(Dataset entries)
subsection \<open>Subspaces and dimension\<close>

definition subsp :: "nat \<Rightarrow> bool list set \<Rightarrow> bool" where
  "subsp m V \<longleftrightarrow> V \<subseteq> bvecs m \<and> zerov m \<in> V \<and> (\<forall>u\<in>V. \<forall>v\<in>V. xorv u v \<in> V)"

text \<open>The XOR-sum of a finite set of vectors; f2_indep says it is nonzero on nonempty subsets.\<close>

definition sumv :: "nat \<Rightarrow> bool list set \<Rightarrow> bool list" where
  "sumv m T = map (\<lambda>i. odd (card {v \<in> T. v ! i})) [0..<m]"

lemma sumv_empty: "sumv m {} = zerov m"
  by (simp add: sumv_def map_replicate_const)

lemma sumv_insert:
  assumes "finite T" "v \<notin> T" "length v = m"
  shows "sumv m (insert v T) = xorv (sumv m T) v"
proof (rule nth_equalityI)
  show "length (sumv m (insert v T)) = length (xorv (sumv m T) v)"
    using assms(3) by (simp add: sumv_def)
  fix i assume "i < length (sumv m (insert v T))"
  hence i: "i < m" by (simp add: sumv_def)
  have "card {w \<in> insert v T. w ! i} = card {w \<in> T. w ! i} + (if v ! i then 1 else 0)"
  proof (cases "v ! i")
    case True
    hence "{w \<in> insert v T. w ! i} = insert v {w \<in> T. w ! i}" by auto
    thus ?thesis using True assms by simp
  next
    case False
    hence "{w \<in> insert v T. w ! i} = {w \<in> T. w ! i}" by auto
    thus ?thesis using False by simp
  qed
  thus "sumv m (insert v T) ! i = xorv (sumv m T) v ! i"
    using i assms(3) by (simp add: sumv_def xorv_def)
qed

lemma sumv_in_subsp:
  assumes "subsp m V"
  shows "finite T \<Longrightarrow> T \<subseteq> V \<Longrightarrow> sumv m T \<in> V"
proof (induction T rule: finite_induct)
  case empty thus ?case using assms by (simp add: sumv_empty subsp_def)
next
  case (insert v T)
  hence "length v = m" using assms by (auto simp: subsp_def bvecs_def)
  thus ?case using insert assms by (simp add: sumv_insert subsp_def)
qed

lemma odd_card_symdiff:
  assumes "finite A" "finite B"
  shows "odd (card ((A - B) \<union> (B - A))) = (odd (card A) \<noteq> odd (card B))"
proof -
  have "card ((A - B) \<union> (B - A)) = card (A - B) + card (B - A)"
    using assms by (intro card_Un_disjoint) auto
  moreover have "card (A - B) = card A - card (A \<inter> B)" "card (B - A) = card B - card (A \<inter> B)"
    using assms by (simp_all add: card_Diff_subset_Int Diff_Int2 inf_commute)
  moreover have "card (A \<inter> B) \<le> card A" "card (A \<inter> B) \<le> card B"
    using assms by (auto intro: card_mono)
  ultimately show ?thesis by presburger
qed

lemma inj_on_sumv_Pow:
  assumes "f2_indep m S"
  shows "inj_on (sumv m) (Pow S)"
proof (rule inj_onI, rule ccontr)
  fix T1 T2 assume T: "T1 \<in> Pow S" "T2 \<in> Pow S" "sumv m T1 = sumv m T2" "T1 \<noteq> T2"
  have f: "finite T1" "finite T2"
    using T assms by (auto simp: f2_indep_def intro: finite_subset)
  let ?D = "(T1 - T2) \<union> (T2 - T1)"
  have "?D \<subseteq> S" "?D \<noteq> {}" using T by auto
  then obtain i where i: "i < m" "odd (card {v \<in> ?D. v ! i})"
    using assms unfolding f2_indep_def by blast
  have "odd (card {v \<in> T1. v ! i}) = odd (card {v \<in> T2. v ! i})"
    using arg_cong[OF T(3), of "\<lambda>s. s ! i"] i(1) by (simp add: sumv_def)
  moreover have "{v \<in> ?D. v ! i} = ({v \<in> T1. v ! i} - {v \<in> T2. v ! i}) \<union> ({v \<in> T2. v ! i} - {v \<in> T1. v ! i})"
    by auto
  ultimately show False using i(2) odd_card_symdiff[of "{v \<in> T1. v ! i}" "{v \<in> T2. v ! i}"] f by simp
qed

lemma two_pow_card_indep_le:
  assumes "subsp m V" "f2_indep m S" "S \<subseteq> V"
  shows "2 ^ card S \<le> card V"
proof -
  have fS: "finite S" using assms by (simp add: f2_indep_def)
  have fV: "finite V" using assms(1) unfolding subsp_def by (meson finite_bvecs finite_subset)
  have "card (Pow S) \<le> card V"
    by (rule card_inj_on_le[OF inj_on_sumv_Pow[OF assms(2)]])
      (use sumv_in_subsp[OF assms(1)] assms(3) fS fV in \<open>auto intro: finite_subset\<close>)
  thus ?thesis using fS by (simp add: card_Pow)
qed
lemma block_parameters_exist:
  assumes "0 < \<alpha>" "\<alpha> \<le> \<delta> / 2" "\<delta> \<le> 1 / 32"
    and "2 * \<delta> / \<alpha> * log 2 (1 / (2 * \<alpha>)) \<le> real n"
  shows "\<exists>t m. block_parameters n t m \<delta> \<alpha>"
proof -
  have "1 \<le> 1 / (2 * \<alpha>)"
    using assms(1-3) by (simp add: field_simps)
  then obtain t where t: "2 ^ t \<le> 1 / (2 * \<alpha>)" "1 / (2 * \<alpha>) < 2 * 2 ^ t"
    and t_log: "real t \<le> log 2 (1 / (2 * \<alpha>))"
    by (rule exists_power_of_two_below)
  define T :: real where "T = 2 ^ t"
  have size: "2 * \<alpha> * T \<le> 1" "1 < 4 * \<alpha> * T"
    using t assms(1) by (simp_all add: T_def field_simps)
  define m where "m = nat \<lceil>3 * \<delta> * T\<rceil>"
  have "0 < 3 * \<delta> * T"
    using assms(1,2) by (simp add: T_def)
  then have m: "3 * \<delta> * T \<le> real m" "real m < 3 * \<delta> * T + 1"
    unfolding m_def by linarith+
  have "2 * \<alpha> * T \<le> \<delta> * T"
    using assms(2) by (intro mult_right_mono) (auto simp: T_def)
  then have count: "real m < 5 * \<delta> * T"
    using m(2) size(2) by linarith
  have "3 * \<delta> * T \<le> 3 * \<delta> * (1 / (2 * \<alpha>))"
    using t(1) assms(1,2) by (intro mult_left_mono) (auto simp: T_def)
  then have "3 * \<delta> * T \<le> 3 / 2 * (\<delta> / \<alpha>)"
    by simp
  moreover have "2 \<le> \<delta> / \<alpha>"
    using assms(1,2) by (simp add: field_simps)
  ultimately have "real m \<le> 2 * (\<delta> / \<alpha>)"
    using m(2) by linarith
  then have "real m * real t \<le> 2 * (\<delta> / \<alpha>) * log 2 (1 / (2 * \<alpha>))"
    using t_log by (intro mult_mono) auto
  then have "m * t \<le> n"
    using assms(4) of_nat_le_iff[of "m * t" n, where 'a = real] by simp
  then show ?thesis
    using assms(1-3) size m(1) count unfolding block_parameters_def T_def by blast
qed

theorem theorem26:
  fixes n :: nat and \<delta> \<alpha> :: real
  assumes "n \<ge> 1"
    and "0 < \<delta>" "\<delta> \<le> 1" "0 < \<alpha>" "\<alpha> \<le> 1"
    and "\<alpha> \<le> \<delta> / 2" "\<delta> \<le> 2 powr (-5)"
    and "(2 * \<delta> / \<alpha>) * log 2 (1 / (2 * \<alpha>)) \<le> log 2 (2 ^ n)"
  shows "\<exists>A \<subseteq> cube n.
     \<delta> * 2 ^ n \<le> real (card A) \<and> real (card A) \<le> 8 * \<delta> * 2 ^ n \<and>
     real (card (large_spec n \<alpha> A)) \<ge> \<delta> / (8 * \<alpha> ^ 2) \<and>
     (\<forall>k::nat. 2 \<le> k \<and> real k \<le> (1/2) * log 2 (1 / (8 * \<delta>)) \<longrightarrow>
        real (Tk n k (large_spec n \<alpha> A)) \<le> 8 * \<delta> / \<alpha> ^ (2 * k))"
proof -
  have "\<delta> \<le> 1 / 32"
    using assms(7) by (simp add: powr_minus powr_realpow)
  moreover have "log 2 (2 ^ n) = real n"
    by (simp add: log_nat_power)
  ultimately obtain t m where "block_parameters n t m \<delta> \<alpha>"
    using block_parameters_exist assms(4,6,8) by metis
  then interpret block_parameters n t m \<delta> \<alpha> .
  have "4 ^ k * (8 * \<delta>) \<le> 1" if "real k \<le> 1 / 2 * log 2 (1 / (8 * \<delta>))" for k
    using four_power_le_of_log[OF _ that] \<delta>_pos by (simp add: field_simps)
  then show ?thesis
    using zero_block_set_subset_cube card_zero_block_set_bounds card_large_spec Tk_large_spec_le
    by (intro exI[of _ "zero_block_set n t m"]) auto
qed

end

Try it: Taking the records from the top, repeat each line exactly until you have repeated the line that contains "v T) = xorv".

Answer to this problem:
subsection \<open>Subspaces and dimension\<close>

definition subsp :: "nat \<Rightarrow> bool list set \<Rightarrow> bool" where
  "subsp m V \<longleftrightarrow> V \<subseteq> bvecs m \<and> zerov m \<in> V \<and> (\<forall>u\<in>V. \<forall>v\<in>V. xorv u v \<in> V)"

text \<open>The XOR-sum of a finite set of vectors; f2_indep says it is nonzero on nonempty subsets.\<close>

definition sumv :: "nat \<Rightarrow> bool list set \<Rightarrow> bool list" where
  "sumv m T = map (\<lambda>i. odd (card {v \<in> T. v ! i})) [0..<m]"

lemma sumv_empty: "sumv m {} = zerov m"
  by (simp add: sumv_def map_replicate_const)

lemma sumv_insert:
  assumes "finite T" "v \<notin> T" "length v = m"
  shows "sumv m (insert v T) = xorv (sumv m T) v"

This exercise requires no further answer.